Available data section start

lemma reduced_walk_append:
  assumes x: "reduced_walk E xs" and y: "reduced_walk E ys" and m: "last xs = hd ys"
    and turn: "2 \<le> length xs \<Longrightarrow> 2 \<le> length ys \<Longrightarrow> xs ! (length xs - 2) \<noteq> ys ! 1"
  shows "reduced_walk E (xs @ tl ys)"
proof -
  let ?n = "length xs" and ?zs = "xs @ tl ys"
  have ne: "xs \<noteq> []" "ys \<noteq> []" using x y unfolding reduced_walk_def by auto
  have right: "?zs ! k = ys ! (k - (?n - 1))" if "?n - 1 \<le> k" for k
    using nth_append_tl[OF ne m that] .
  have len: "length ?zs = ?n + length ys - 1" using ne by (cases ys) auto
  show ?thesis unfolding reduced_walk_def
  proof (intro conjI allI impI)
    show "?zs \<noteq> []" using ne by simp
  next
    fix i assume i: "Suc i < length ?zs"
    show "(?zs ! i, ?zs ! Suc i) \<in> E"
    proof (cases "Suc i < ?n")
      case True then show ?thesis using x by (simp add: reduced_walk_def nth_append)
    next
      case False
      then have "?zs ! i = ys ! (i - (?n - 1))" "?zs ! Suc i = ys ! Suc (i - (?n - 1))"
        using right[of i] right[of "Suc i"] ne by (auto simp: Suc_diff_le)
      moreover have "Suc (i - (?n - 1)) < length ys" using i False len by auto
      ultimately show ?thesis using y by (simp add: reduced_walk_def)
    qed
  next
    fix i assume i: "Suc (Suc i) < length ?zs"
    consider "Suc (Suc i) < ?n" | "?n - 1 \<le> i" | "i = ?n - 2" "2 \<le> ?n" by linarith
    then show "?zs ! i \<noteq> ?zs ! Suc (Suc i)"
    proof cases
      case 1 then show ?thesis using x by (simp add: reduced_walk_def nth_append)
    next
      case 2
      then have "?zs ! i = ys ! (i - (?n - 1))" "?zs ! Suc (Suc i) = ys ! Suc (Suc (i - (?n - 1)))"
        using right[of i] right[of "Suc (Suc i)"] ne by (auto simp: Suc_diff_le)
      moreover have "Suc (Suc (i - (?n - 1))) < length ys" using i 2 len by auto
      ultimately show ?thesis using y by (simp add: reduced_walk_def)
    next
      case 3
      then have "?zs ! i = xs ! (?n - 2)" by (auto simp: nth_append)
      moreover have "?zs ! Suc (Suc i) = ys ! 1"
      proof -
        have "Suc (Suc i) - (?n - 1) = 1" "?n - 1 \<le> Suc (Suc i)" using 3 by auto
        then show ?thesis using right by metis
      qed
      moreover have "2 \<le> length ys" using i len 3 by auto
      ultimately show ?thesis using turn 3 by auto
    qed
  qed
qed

Available data section end
Available data section start

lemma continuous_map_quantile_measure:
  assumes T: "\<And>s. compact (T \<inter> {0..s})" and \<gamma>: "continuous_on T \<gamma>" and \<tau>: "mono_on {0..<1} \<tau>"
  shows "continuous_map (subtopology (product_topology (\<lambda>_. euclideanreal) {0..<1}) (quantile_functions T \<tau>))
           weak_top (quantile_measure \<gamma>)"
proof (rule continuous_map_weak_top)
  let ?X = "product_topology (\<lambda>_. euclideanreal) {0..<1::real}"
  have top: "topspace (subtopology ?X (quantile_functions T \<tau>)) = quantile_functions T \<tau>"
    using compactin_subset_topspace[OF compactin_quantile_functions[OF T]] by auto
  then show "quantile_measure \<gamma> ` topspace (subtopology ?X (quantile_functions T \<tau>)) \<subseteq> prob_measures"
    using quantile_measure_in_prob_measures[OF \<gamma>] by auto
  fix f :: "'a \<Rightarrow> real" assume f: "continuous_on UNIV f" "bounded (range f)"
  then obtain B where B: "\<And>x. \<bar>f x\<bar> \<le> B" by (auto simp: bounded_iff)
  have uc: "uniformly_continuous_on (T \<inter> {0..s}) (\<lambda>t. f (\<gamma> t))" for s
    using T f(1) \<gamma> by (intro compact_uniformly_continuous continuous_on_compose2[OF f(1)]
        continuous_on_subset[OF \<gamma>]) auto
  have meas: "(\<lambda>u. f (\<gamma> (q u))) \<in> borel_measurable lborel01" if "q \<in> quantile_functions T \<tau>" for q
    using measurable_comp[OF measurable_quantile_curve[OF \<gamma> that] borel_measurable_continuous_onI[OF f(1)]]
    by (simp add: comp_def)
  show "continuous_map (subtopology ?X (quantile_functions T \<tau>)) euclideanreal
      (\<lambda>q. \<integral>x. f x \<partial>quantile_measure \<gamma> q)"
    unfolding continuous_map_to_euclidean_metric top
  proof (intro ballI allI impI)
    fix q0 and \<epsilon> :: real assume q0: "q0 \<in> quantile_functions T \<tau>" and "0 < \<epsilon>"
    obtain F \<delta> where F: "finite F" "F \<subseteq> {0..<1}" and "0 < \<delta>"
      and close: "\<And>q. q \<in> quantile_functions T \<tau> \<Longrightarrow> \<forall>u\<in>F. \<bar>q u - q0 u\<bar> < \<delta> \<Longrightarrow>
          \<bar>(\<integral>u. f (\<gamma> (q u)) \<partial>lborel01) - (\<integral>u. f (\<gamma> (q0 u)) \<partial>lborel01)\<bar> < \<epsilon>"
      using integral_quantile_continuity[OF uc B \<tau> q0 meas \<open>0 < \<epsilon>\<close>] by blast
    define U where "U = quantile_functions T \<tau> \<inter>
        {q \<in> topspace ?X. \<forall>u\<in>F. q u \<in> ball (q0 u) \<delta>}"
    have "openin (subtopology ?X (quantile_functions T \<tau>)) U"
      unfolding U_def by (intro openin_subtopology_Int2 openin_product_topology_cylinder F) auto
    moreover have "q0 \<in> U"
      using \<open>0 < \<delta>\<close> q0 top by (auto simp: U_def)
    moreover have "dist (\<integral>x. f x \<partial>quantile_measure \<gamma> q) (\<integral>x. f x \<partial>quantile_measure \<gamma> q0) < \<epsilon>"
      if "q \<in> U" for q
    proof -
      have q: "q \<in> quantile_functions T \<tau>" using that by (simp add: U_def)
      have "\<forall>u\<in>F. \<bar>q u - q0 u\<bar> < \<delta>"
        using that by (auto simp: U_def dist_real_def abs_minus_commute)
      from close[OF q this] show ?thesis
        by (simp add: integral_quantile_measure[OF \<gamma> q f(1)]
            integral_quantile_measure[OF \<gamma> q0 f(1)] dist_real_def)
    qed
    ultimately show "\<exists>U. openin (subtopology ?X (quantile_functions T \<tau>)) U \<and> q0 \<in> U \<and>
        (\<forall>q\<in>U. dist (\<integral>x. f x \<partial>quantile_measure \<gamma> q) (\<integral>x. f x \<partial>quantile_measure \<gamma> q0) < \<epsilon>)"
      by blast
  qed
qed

Available data section end

» Exercise requirements
Show all lines from the records above where the word "False" occurs.

» Result for this exercise
      case False
      moreover have "Suc (i - (?n - 1)) < length ys" using i False len by auto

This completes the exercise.